Like many shoppers, when I think of organic produce I believe that I'm shelling out extra moolah for produce that has not been treated with pesticides - or at least, not a lot. And while for the most part this is true -- USDA regulations limit the types and amount of pesticides used on organic produce -- here are a few shocking facts about "organic" pesticides practices:
- In a recent study, nearly 20% of organic lettuce tested positive for pesticide residues
- Generally, the list of allowed pesticides is limited to products that use naturally occurring chemicals and compounds (things derived from natural soil bacteria, plants and flowers, etc.)
- Some naturally occurring compounds and chemicals are not (nicotine and arsenic, to name two)
- Some synthetic products are allowed if they contain other natural compounds (like copper or sulfur)
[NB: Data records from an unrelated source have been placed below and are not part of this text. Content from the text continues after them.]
definition avoiders_upto :: "htree \<Rightarrow> nat \<Rightarrow> htree set" where
  "avoiders_upto T N = {t \<in> hiers_upto N. \<not> contains_sub t T}"

lemma finite_avoiders_upto: "finite (avoiders_upto T N)"
  unfolding avoiders_upto_def using finite_hiers_upto by simp

lemma Hcoef_nonneg: "0 \<le> Hcoef T n"
  by (simp add: Hcoef_def)

lemma sum_Hcoef_eq_avoiders_weight:
  "(\<Sum>n\<le>N. Hcoef T n * x ^ n) = (\<Sum>t\<in>avoiders_upto T N. x ^ leaves t)"
proof -
  have "(\<Sum>t\<in>avoiders_upto T N. x ^ leaves t) =
          (\<Sum>n\<le>N. \<Sum>t\<in>{t \<in> avoiders_upto T N. leaves t = n}. x ^ leaves t)"
    by (rule sum.group[symmetric, OF finite_avoiders_upto])
      (auto simp: avoiders_upto_def hiers_upto_def)
  also have "\<dots> = (\<Sum>n\<le>N. Hcoef T n * x ^ n)"
  proof (rule sum.cong)
    fix n assume "n \<in> {..N}"
    then have "{t \<in> avoiders_upto T N. leaves t = n} =
                 {t. is_hier t \<and> leaves t = n \<and> \<not> contains_sub t T}"
      by (auto simp: avoiders_upto_def hiers_upto_def)
    then show "(\<Sum>t\<in>{t \<in> avoiders_upto T N. leaves t = n}. x ^ leaves t) = Hcoef T n * x ^ n"
      by (auto simp: Hcoef_def avoid_count_def)
  qed simp
  finally show ?thesis ..
qed

lemma sum_comp_le_fibre_card:
  fixes g :: "'b \<Rightarrow> real" and k :: real
  assumes "finite D" and "\<And>y. y \<in> f ` D \<Longrightarrow> card {p \<in> D. f p = y} \<le> k" and "\<And>y. 0 \<le> g y"
  shows "(\<Sum>p\<in>D. g (f p)) \<le> k * (\<Sum>y\<in>f ` D. g y)"
proof -
  have "(\<Sum>p\<in>D. g (f p)) = (\<Sum>y\<in>f ` D. \<Sum>p\<in>{p \<in> D. f p = y}. g (f p))"
    by (rule sum.image_gen[OF assms(1)])
  also have "\<dots> = (\<Sum>y\<in>f ` D. real (card {p \<in> D. f p = y}) * g y)"
    by (rule sum.cong) auto
  also have "\<dots> \<le> (\<Sum>y\<in>f ` D. k * g y)"
    by (rule sum_mono) (use assms(2,3) in \<open>auto intro: mult_right_mono\<close>)
  finally show ?thesis by (simp add: sum_distrib_left)
qed

lemma join2_eq_join2_iff: "join2 c d = join2 a b \<longleftrightarrow> (c = a \<and> d = b) \<or> (c = b \<and> d = a)"
proof
  assume "join2 c d = join2 a b"
  then have "{#c, d#} = {#a, b#}" by (simp add: join2_def)
  then show "(c = a \<and> d = b) \<or> (c = b \<and> d = a)" by (auto simp: add_eq_conv_diff)
qed (metis join2_def add_mset_commute)

lemma card_join2_fibre_le_2: "card {p \<in> D. case_prod join2 p = join2 a b} \<le> 2"
proof -
  have "{p \<in> D. case_prod join2 p = join2 a b} \<subseteq> {(a, b), (b, a)}"
    using join2_eq_join2_iff[of _ _ a b] by fastforce
  then have "card {p \<in> D. case_prod join2 p = join2 a b} \<le> card {(a, b), (b, a)}"
    by (rule card_mono[rotated]) simp
  also have "\<dots> \<le> 2" by (rule card_insert_le_m1) auto
  finally show ?thesis .
qed

lemma join2_mem_avoiders_upto:
  assumes "a \<in> avoiders_upto T N" "b \<in> avoiders_upto T N" "join2 a b \<noteq> T"
  shows "join2 a b \<in> avoiders_upto T (2 * N)"
  using assms by (auto simp: avoiders_upto_def hiers_upto_def contains_sub_def join2_def)

lemma sum_off_diagonal_products_ge:
  fixes w :: "'a \<Rightarrow> real"
  assumes "finite A" and "\<And>a. 0 \<le> w a" and "\<And>a. w a \<le> 1"
  shows "(sum w A)\<^sup>2 - sum w A \<le> (\<Sum>(a, b)\<in>A \<times> A - Id. w a * w b)"
proof -
  have "A \<times> A \<inter> Id = (\<lambda>a. (a, a)) ` A" by auto
  then have "(\<Sum>(a, b)\<in>A \<times> A \<inter> Id. w a * w b) = (\<Sum>a\<in>A. w a * w a)"
    by (simp add: sum.reindex inj_on_def)
  also have "\<dots> \<le> sum w A"
    by (rule sum_mono) (use assms(2,3) in \<open>auto intro: mult_left_le\<close>)
  finally have "(\<Sum>(a, b)\<in>A \<times> A \<inter> Id. w a * w b) \<le> sum w A" .
  moreover have "(\<Sum>(a, b)\<in>A \<times> A. w a * w b) =
                   (\<Sum>(a, b)\<in>A \<times> A - Id. w a * w b) + (\<Sum>(a, b)\<in>A \<times> A \<inter> Id. w a * w b)"
    using assms(1) by (simp add: sum.Int_Diff[of "A \<times> A" _ Id] add.commute)
  ultimately show ?thesis by (simp add: sum_cartesian_product_mult power2_eq_square)
qed

lemma avoiders_weight_square_le:
  fixes x :: real
  assumes "0 \<le> x" "x \<le> 1"
  shows "(\<Sum>t\<in>avoiders_upto T N. x ^ leaves t)\<^sup>2 - (\<Sum>t\<in>avoiders_upto T N. x ^ leaves t)
           \<le> 2 * (\<Sum>t\<in>avoiders_upto T (2 * N). x ^ leaves t) + 2"
proof -
  let ?w = "\<lambda>t. x ^ leaves t"
  let ?A = "avoiders_upto T N"
  let ?D = "?A \<times> ?A - Id"
  have w: "0 \<le> ?w t" "?w t \<le> 1" for t using assms by (auto simp: power_le_one)
  have fin: "finite ?D" using finite_avoiders_upto by simp
  have "(sum ?w ?A)\<^sup>2 - sum ?w ?A \<le> (\<Sum>(a, b)\<in>?D. ?w a * ?w b)"
    by (rule sum_off_diagonal_products_ge[OF finite_avoiders_upto]) (use w in auto)
  also have "\<dots> = (\<Sum>p\<in>?D. ?w (case_prod join2 p))"
    by (simp add: case_prod_beta power_add)
  also have "\<dots> \<le> 2 * sum ?w (case_prod join2 ` ?D)"
  proof (rule sum_comp_le_fibre_card[OF fin _ w(1)])
    fix y assume "y \<in> case_prod join2 ` ?D"
    then obtain a b where y: "y = join2 a b" by auto
    have "card {p \<in> ?D. case_prod join2 p = y} \<le> 2"
      unfolding y by (rule card_join2_fibre_le_2)
    then show "real (card {p \<in> ?D. case_prod join2 p = y}) \<le> 2" by simp
  qed
  also have "sum ?w (case_prod join2 ` ?D) \<le> sum ?w (insert T (avoiders_upto T (2 * N)))"
    by (rule sum_mono2) (use finite_avoiders_upto join2_mem_avoiders_upto w in auto)
  also have "\<dots> \<le> 1 + sum ?w (avoiders_upto T (2 * N))"
    using w[of T] by (simp add: sum.insert_if finite_avoiders_upto)
  finally show ?thesis by simp
qed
- Many of the substances on the List are still considered toxic by the EPA
Here is an interesting quote from Jeff Gillman (Univ. Minnesota) and Maureen Langlois (NPR):
Are naturally derived pesticides less toxic than synthetic ones? The answer depends a lot on the dosage, says Gillman. "To control fire blight on the same acre of land," he explains, "I could use a tiny amount of a potent synthetic that has proved safe over the last 50 years, or a much larger amount of an organic pesticide." He demurs on saying which is better, saying, "I want people to know that there are definitely tradeoffs."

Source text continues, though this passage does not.